_What you should do_
Among the records below, find the lines that hold the word "refl" and report how many there are, with no other words.

_Data for review_
-=-=-
(* Let $n\ge3$, $0<1/b_n\le 1/c_n$, and let $V=(v_{ij})$ be a symmetric $n\times n$ matrix in $\mathcal L_n(1/b_n,1/c_n)$. Let $r\in\{1,\dots,n-1\}$ and let $V_{22}$ be the bottom-right $(n-r)\times(n-r)$ block of $V$. Let $S=\mathrm{diag}(1/v_{11},\dots,1/v_{nn})$ and $S_{22}=\mathrm{diag}(1/v_{r+1,r+1},\dots,1/v_{nn})$. Then $V$ and $V_{22}$ are invertible and $$\max\{\|V^{-1}-S\|_{\max},\ \|V_{22}^{-1}-S_{22}\|_{\max}\}\le\frac{2b_n^2}{c_n(n-1)^2}\Big(\frac{nb_n}{2(n-2)c_n}+\frac12\Big).$$
   Context: For $m,M>0$, $\mathcal L_n(m,M)$ is the class of $n\times n$ matrices $V=(v_{ij})$ with $v_{ii}=\sum_{j\ne i}v_{ij}$ for $i=1,\dots,n$ and $m\le v_{ij}\le M$ for all $i\ne j$. For a matrix $J$, $\|J\|_{\max}=\max_{i,j}|J_{ij}|$. *)

theory Defs
  imports "Jordan_Normal_Form.Matrix"
begin

text \<open>Matrices are JNF matrices with 0-based indices 0..n-1 (paper: 1..n).\<close>

definition in_L :: "nat \<Rightarrow> real \<Rightarrow> real \<Rightarrow> real mat \<Rightarrow> bool" where
  "in_L n m M V \<longleftrightarrow> V \<in> carrier_mat n n
     \<and> (\<forall>i<n. V $$ (i,i) = (\<Sum>j\<in>{0..<n} - {i}. V $$ (i,j)))
     \<and> (\<forall>i<n. \<forall>j<n. i \<noteq> j \<longrightarrow> m \<le> V $$ (i,j) \<and> V $$ (i,j) \<le> M)"

definition max_norm :: "real mat \<Rightarrow> real" where
  "max_norm J = Max {\<bar>J $$ (i,j)\<bar> | i j. i < dim_row J \<and> j < dim_col J}"

definition mat_inv :: "real mat \<Rightarrow> real mat" where
  "mat_inv A = (SOME B. inverts_mat A B \<and> inverts_mat B A)"

text \<open>Bottom-right block consisting of rows/columns r..n-1 (paper: r+1..n).\<close>
definition lower_block :: "nat \<Rightarrow> nat \<Rightarrow> real mat \<Rightarrow> real mat" where
  "lower_block n r V = mat (n - r) (n - r) (\<lambda>(i,j). V $$ (i + r, j + r))"

definition inv_diag :: "real mat \<Rightarrow> real mat" where
  "inv_diag A = mat (dim_row A) (dim_row A) (\<lambda>(i,j). if i = j then 1 / A $$ (i,i) else 0)"

end

theory Submission
  imports Defs "Jordan_Normal_Form.Determinant"
begin

text \<open>
  Let \<open>A\<close> be \<open>V\<close> or its lower block (the deleted columns only add slack to the diagonal) and split
  \<open>A = D + O\<close> with \<open>D\<close> diagonal. As \<open>O\<close> is symmetric,
  \<open>x\<^sup>T O x + \<Sum>\<^sub>i (\<Sum>\<^sub>j o\<^sub>i\<^sub>j) x\<^sub>i\<^sup>2 = (\<Sum>\<^sub>i \<Sum>\<^sub>j o\<^sub>i\<^sub>j (x\<^sub>i + x\<^sub>j)\<^sup>2) / 2\<close>, and with \<open>o\<^sub>i\<^sub>j \<ge> m\<close> for \<open>i \<noteq> j\<close>
  diagonal dominance yields the coercivity \<open>x\<^sup>T A x \<ge> m (n - 2) |x|\<^sup>2\<close>; in particular \<open>A\<close> is
  invertible. Solving \<open>A G = G A = 1\<close> for the diagonal terms gives
  \<open>G - D\<^sup>-\<^sup>1 = D\<^sup>-\<^sup>1 (O G O - O) D\<^sup>-\<^sup>1\<close>, where \<open>D \<ge> (n - 1) m\<close>, \<open>|o\<^sub>i\<^sub>j| \<le> M\<close>, and coercivity bounds
  the entries of \<open>O G O\<close> by \<open>n M\<^sup>2 / (m (n - 2))\<close>. Put \<open>m = 1/b\<close>, \<open>M = 1/c\<close>.
\<close>

definition offdiag :: "('a \<Rightarrow> 'a \<Rightarrow> real) \<Rightarrow> 'a \<Rightarrow> 'a \<Rightarrow> real" where
  "offdiag a i j = (if i = j then 0 else a i j)"

definition bilinear_form :: "'a set \<Rightarrow> ('a \<Rightarrow> 'a \<Rightarrow> real) \<Rightarrow> ('a \<Rightarrow> real) \<Rightarrow> ('a \<Rightarrow> real) \<Rightarrow> real" where
  "bilinear_form K a x y = (\<Sum>i\<in>K. \<Sum>j\<in>K. x i * a i j * y j)"

lemma sum_offdiag_row:
  assumes "finite K" "i \<in> K"
  shows "(\<Sum>j\<in>K. offdiag a i j * y j) = (\<Sum>j\<in>K. a i j * y j) - a i i * y i"
proof -
  have "(\<Sum>j\<in>K. offdiag a i j * y j) = (\<Sum>j\<in>K. a i j * y j - (if j = i then a i i * y i else 0))"
    by (rule sum.cong) (auto simp: offdiag_def)
  then show ?thesis
    using assms by (simp add: sum_subtractf)
qed

lemma sum_offdiag_col:
  assumes "finite K" "j \<in> K"
  shows "(\<Sum>l\<in>K. y l * offdiag a l j) = (\<Sum>l\<in>K. y l * a l j) - y j * a j j"
proof -
  have "(\<Sum>l\<in>K. y l * offdiag a l j) = (\<Sum>l\<in>K. y l * a l j - (if l = j then y j * a j j else 0))"
    by (rule sum.cong) (auto simp: offdiag_def)
  then show ?thesis
    using assms by (simp add: sum_subtractf)
qed

lemma bilinear_form_commute:
  assumes "\<And>i j. i \<in> K \<Longrightarrow> j \<in> K \<Longrightarrow> a i j = a j i"
  shows "bilinear_form K a x y = bilinear_form K a y x"
proof -
  have "bilinear_form K a x y = (\<Sum>j\<in>K. \<Sum>i\<in>K. x i * a i j * y j)"
    unfolding bilinear_form_def by (rule sum.swap)
  also have "\<dots> = bilinear_form K a y x"
    unfolding bilinear_form_def using assms by (intro sum.cong refl) (simp add: mult_ac)
  finally show ?thesis .
qed

lemma bilinear_form_abs_le:
  assumes sym: "\<And>i j. i \<in> K \<Longrightarrow> j \<in> K \<Longrightarrow> a i j = a j i"
    and psd: "\<And>z. 0 \<le> bilinear_form K a z z"
  shows "\<bar>bilinear_form K a x y\<bar> \<le> (bilinear_form K a x x + bilinear_form K a y y) / 2"
proof -
  have comm: "bilinear_form K a y x = bilinear_form K a x y"
    using sym by (rule bilinear_form_commute)
  have "bilinear_form K a (\<lambda>l. x l + y l) (\<lambda>l. x l + y l)
      = bilinear_form K a x x + bilinear_form K a x y + bilinear_form K a y x + bilinear_form K a y y"
    unfolding bilinear_form_def by (simp add: algebra_simps sum.distrib)
  moreover have "bilinear_form K a (\<lambda>l. x l - y l) (\<lambda>l. x l - y l)
      = bilinear_form K a x x - bilinear_form K a x y - bilinear_form K a y x + bilinear_form K a y y"
    unfolding bilinear_form_def by (simp add: algebra_simps sum.distrib sum_subtractf)
  ultimately show ?thesis
    using psd[of "\<lambda>l. x l + y l"] psd[of "\<lambda>l. x l - y l"] comm by (simp add: abs_le_iff)
qed

lemma sum_square_pairs:
  fixes x :: "'a \<Rightarrow> real"
  shows "(\<Sum>i\<in>K. \<Sum>j\<in>K. (x i + x j)^2) = 2 * real (card K) * (\<Sum>i\<in>K. x i^2) + 2 * (\<Sum>i\<in>K. x i)^2"
proof -
  have "(\<Sum>i\<in>K. \<Sum>j\<in>K. (x i + x j)^2)
      = (\<Sum>i\<in>K. \<Sum>j\<in>K. x i^2) + (\<Sum>i\<in>K. \<Sum>j\<in>K. x j^2) + 2 * (\<Sum>i\<in>K. \<Sum>j\<in>K. x i * x j)"
    by (simp add: power2_sum sum.distrib sum_distrib_left mult.assoc)
  moreover have "(\<Sum>i\<in>K. \<Sum>j\<in>K. x i^2) = real (card K) * (\<Sum>i\<in>K. x i^2)"
    by (simp add: sum_distrib_left)
  moreover have "(\<Sum>i\<in>K. \<Sum>j\<in>K. x i * x j) = (\<Sum>i\<in>K. x i)^2"
    by (simp add: sum_product power2_eq_square)
  ultimately show ?thesis
    by simp
qed

lemma symmetric_weighted_square_sum:
  fixes w :: "'a \<Rightarrow> 'a \<Rightarrow> real"
  assumes "\<And>i j. i \<in> K \<Longrightarrow> j \<in> K \<Longrightarrow> w i j = w j i"
  shows "(\<Sum>i\<in>K. \<Sum>j\<in>K. w i j * (x i + x j)^2)
       = 2 * (\<Sum>i\<in>K. \<Sum>j\<in>K. w i j * x i^2) + 2 * (\<Sum>i\<in>K. \<Sum>j\<in>K. w i j * x i * x j)"
proof -
  have "(\<Sum>i\<in>K. \<Sum>j\<in>K. w i j * x j^2) = (\<Sum>j\<in>K. \<Sum>i\<in>K. w i j * x j^2)"
    by (rule sum.swap)
  also have "\<dots> = (\<Sum>i\<in>K. \<Sum>j\<in>K. w i j * x i^2)"
    using assms by (intro sum.cong refl) simp
  finally have "(\<Sum>i\<in>K. \<Sum>j\<in>K. w i j * x j^2) = (\<Sum>i\<in>K. \<Sum>j\<in>K. w i j * x i^2)" .
  then show ?thesis
    by (simp add: power2_sum algebra_simps sum.distrib sum_distrib_left)
qed

lemma bilinear_form_split_diag:
  assumes K: "finite K"
  shows "bilinear_form K a x x = (\<Sum>i\<in>K. a i i * x i^2) + bilinear_form K (offdiag a) x x"
proof -
  have "(\<Sum>j\<in>K. x i * a i j * x j) = a i i * x i^2 + (\<Sum>j\<in>K. x i * offdiag a i j * x j)"
    if "i \<in> K" for i
  proof -
    have "(\<Sum>j\<in>K. x i * a i j * x j) = x i * (\<Sum>j\<in>K. a i j * x j)"
      by (simp add: sum_distrib_left mult.assoc)
    also have "\<dots> = x i * (a i i * x i + (\<Sum>j\<in>K. offdiag a i j * x j))"
      using sum_offdiag_row[OF K that, of a x] by simp
    also have "\<dots> = a i i * x i^2 + (\<Sum>j\<in>K. x i * offdiag a i j * x j)"
      by (simp add: ring_distribs sum_distrib_left power2_eq_square mult_ac)
    finally show ?thesis .
  qed
  then show ?thesis
    unfolding bilinear_form_def by (simp add: sum.distrib[symmetric])
qed

lemma bilinear_form_ge_diag_dominant:
  fixes a :: "'a \<Rightarrow> 'a \<Rightarrow> real"
  assumes K: "finite K"
    and sym: "\<And>i j. i \<in> K \<Longrightarrow> j \<in> K \<Longrightarrow> a i j = a j i"
    and off: "\<And>i j. i \<in> K \<Longrightarrow> j \<in> K \<Longrightarrow> i \<noteq> j \<Longrightarrow> m \<le> a i j"
    and "0 \<le> m"
    and diag: "\<And>i. i \<in> K \<Longrightarrow> (\<Sum>j\<in>K - {i}. a i j) + d \<le> a i i"
  shows "(m * (real (card K) - 2) + d) * (\<Sum>i\<in>K. x i^2) \<le> bilinear_form K a x x"
proof -
  let ?o = "offdiag a" and ?X = "\<Sum>i\<in>K. x i^2"
  note form = bilinear_form_split_diag[OF K, of a x]
  have "(\<Sum>i\<in>K. \<Sum>j\<in>K. ?o i j * x i^2) + d * ?X \<le> (\<Sum>i\<in>K. a i i * x i^2)"
  proof -
    have "(\<Sum>j\<in>K. ?o i j) + d \<le> a i i" if "i \<in> K" for i
      using diag[OF that] sum_offdiag_row[OF K that, of a "\<lambda>_. 1"] K that by (simp add: sum_diff1)
    then have "(\<Sum>i\<in>K. ((\<Sum>j\<in>K. ?o i j) + d) * x i^2) \<le> (\<Sum>i\<in>K. a i i * x i^2)"
      by (intro sum_mono mult_right_mono) auto
    then show ?thesis
      by (simp add: algebra_simps sum.distrib sum_distrib_left sum_distrib_right)
  qed
  moreover have "(\<Sum>i\<in>K. \<Sum>j\<in>K. ?o i j * x i^2) + bilinear_form K ?o x x
      = (\<Sum>i\<in>K. \<Sum>j\<in>K. ?o i j * (x i + x j)^2) / 2"
  proof -
    have "bilinear_form K ?o x x = (\<Sum>i\<in>K. \<Sum>j\<in>K. ?o i j * x i * x j)"
      unfolding bilinear_form_def by (simp add: mult_ac)
    moreover have "?o i j = ?o j i" if "i \<in> K" "j \<in> K" for i j
      using sym[OF that] by (simp add: offdiag_def)
    ultimately show ?thesis
      using symmetric_weighted_square_sum[of K ?o x] by simp
  qed
  moreover have "m * (real (card K) - 2) * ?X \<le> (\<Sum>i\<in>K. \<Sum>j\<in>K. ?o i j * (x i + x j)^2) / 2"
  proof -
    have "m * (real (card K) - 2) * ?X \<le> (m * (\<Sum>i\<in>K. \<Sum>j\<in>K. (x i + x j)^2) - 4 * m * ?X) / 2"
      using \<open>0 \<le> m\<close> by (simp add: sum_square_pairs algebra_simps)
    also have "\<dots> = (\<Sum>i\<in>K. \<Sum>j\<in>K. offdiag (\<lambda>_ _. m) i j * (x i + x j)^2) / 2"
      by (simp add: sum_offdiag_row[OF K] sum_subtractf sum_distrib_left power_mult_distrib mult_ac)
    also have "\<dots> \<le> (\<Sum>i\<in>K. \<Sum>j\<in>K. ?o i j * (x i + x j)^2) / 2"
      by (intro divide_right_mono sum_mono mult_right_mono) (auto simp: offdiag_def off)
    finally show ?thesis .
  qed
  ultimately show ?thesis
    unfolding form by (simp add: algebra_simps)
qed

lemma sum_right_inverse:
  fixes a g :: "'a \<Rightarrow> 'a \<Rightarrow> real"
  assumes K: "finite K" "l \<in> K"
    and right_inv: "\<And>i j. i \<in> K \<Longrightarrow> j \<in> K \<Longrightarrow> (\<Sum>t\<in>K. a i t * g t j) = (if i = j then 1 else 0)"
  shows "(\<Sum>t\<in>K. a l t * (\<Sum>p\<in>K. g t p * u p)) = u l"
proof -
  have "(\<Sum>t\<in>K. a l t * (\<Sum>p\<in>K. g t p * u p)) = (\<Sum>t\<in>K. \<Sum>p\<in>K. a l t * g t p * u p)"
    by (simp add: sum_distrib_left mult.assoc)
  also have "\<dots> = (\<Sum>p\<in>K. (\<Sum>t\<in>K. a l t * g t p) * u p)"
    by (subst sum.swap) (simp add: sum_distrib_right)
  also have "\<dots> = (\<Sum>p\<in>K. if l = p then u p else 0)"
    using K by (intro sum.cong refl) (simp add: right_inv)
  also have "\<dots> = u l"
    using K by simp
  finally show ?thesis .
qed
-=-=-
_Exercise solution_
3